1. Kirby on keeping his airline afloat
- On the cusp of an election and in the midst of a national health crisis, it would not seem good politics to allow mass layoffs of Americans across broad swaths of U.S. industry. Yet Congressional talks to craft any new emergency aid package for jobless benefits or lifelines to troubled industries are stalled.
- That means that within the next two weeks or so U.S. air carriers are warning that the plan to cut tens of thousands of jobs by October once the terms of the CARES Act expire. That emergency financial support package cobbled together by Congress set aside $50 billion for the U.S. travel industry and required airlines to keep employees on the payroll.
- United Airlines CEO Scott Kirby us that he plans to cut 16,000 jobs but is working with unions to try to reduce that number. The bottom line is that large parts of the economy cannot recovery until there is vaccine, and in the meantime companies are just hoping to stay afloat.
- Kirby warned: “without more government support for the whole economy, there’s going to be more layoffs to come across the economy.”
- “And in a business like ours, demand is not going to come back until people feel safe being around other people. And that’s going to take a vaccine. And that’s just the reality. Some businesses can recover earlier, but in aviation and all the industries that we support, it’s going to take longer.”
2. So when will that vaccine be ready?
- Pfizer is investing one and a half billion dollars to develop a COVID-19 vaccine. If its scientists fail then the cost will hit the pharmaceutical giant’s bottom line. Unlike six other vaccine developers, Pfizer declined to accept U.S. taxpayer funding to offset those costs. The company’s CEO Albert Bourla that he did so to “liberate” scientists from bureaucracy and thus to be more nimble.

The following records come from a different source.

lemma (in group) proper_exhausting_chain_if_countable_index:
  assumes N: "subgroup N G" and countable: "countable (rcosets N)"
    and proper: "\<And>F. finite F \<Longrightarrow> F \<subseteq> carrier G \<Longrightarrow> generate G (N \<union> F) \<noteq> carrier G"
  shows "\<exists>W. exhausting_subgroup_chain G W \<and> (\<forall>n. W n \<noteq> carrier G)"
proof -
  have "rcosets N \<noteq> {}" using rcosetsI[OF subgroup.subset[OF N] one_closed] by blast
  then have range: "range (from_nat_into (rcosets N)) = rcosets N"
    using countable by (rule range_from_nat_into)
  define rep where "rep n = (SOME x. x \<in> carrier G \<and> from_nat_into (rcosets N) n = N #> x)" for n
  have rep: "rep n \<in> carrier G \<and> from_nat_into (rcosets N) n = N #> rep n" for n
  proof -
    have "from_nat_into (rcosets N) n \<in> rcosets N" using range by blast
    then show ?thesis unfolding rep_def RCOSETS_def by (rule someI_ex[OF UN_E]) auto
  qed
  define W where "W n = generate G (N \<union> rep ` {..n})" for n
  have "subgroup (W n) G" for n
    unfolding W_def using subgroup.subset[OF N] rep by (intro generate_is_subgroup) auto
  moreover have "mono W"
    unfolding W_def by (intro monoI mono_generate) auto
  moreover have "(\<Union>n. W n) = carrier G"
  proof (intro equalityI subsetI)
    fix x assume x: "x \<in> carrier G"
    then have "N #> x \<in> range (from_nat_into (rcosets N))"
      using range subgroup.subset[OF N] by (simp add: rcosetsI)
    then obtain n where "N #> x = N #> rep n" using rep by auto
    then have "x \<in> N #> rep n" using rcos_self[OF x N] by simp
    then obtain h where "h \<in> N" "x = h \<otimes> rep n" unfolding r_coset_def by blast
    moreover have "h \<in> W n" "rep n \<in> W n"
      using \<open>h \<in> N\<close> unfolding W_def by (auto intro: generate.incl)
    ultimately show "x \<in> (\<Union>n. W n)" unfolding W_def by (blast intro: generate.eng)
  next
    fix x assume "x \<in> (\<Union>n. W n)"
    then obtain n where "x \<in> W n" by blast
    then show "x \<in> carrier G"
      using subgroup.subset[OF \<open>subgroup (W n) G\<close>] by blast
  qed
  moreover have "W n \<noteq> carrier G" for n
    unfolding W_def using rep by (intro proper) auto
  ultimately show ?thesis unfolding exhausting_subgroup_chain_def by blast
qed

lemma (in comm_group) generate_insert:
  assumes "x \<in> carrier G" "S \<subseteq> carrier G"
  shows "generate G (insert x S) = (\<lambda>(k, s). x [^] (k::int) \<otimes> s) ` (UNIV \<times> generate G S)"
proof
  show "generate G (insert x S) \<subseteq> (\<lambda>(k, s). x [^] (k::int) \<otimes> s) ` (UNIV \<times> generate G S)"
  proof
    fix y assume "y \<in> generate G (insert x S)"
    then show "y \<in> (\<lambda>(k, s). x [^] (k::int) \<otimes> s) ` (UNIV \<times> generate G S)"
    proof (induction rule: generate.induct)
      case one
      then show ?case
        using assms by (intro image_eqI[of _ _ "(0, \<one>)"]) (auto intro: generate.one)
    next
      case (incl h)
      then have "h \<in> carrier G" using assms by auto
      with incl show ?case
        using assms by (auto intro: image_eqI[of _ _ "(1, \<one>)"] image_eqI[of _ _ "(0, h)"]
            generate.one generate.incl)
    next
      case (inv h)
      then have "h \<in> carrier G" using assms by auto
      with inv show ?case
        using assms by (auto simp: int_pow_neg intro: image_eqI[of _ _ "(-1, \<one>)"]
            image_eqI[of _ _ "(0, inv h)"] generate.one generate.inv)
    next
      case (eng h1 h2)
      then obtain i j s t where st: "s \<in> generate G S" "t \<in> generate G S"
        "h1 = x [^] (i::int) \<otimes> s" "h2 = x [^] (j::int) \<otimes> t" by auto
      moreover have "s \<in> carrier G" "t \<in> carrier G"
        using st generate_incl[OF assms(2)] by auto
      ultimately have "h1 \<otimes> h2 = x [^] (i + j) \<otimes> (s \<otimes> t)"
        using assms(1) by (simp add: int_pow_mult m_ac)
      then show ?case using st by (auto intro: image_eqI[of _ _ "(i + j, s \<otimes> t)"] generate.eng)
    qed
  qed
  show "(\<lambda>(k, s). x [^] (k::int) \<otimes> s) ` (UNIV \<times> generate G S) \<subseteq> generate G (insert x S)"
  proof clarify
    fix k :: int and s assume "s \<in> generate G S"
    then have "s \<in> generate G (insert x S)" by (rule mono_generate[THEN subsetD, rotated]) auto
    moreover have "x [^] k \<in> generate G (insert x S)"
      using assms by (intro subgroup_int_pow_closed generate_is_subgroup) (auto intro: generate.incl)
    ultimately show "x [^] k \<otimes> s \<in> generate G (insert x S)" by (rule generate.eng[rotated])
  qed
qed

- What Bourla said: “When you get money from someone that always comes with strings. They want to see how we are going to progress, what type of moves you are going to do. They want reports. I didn’t want to have any of that. I wanted them- basically I gave them an open checkbook so that they can worry only about scientific challenges, not anything else. And also, I wanted to keep Pfizer out of politics, by the way.”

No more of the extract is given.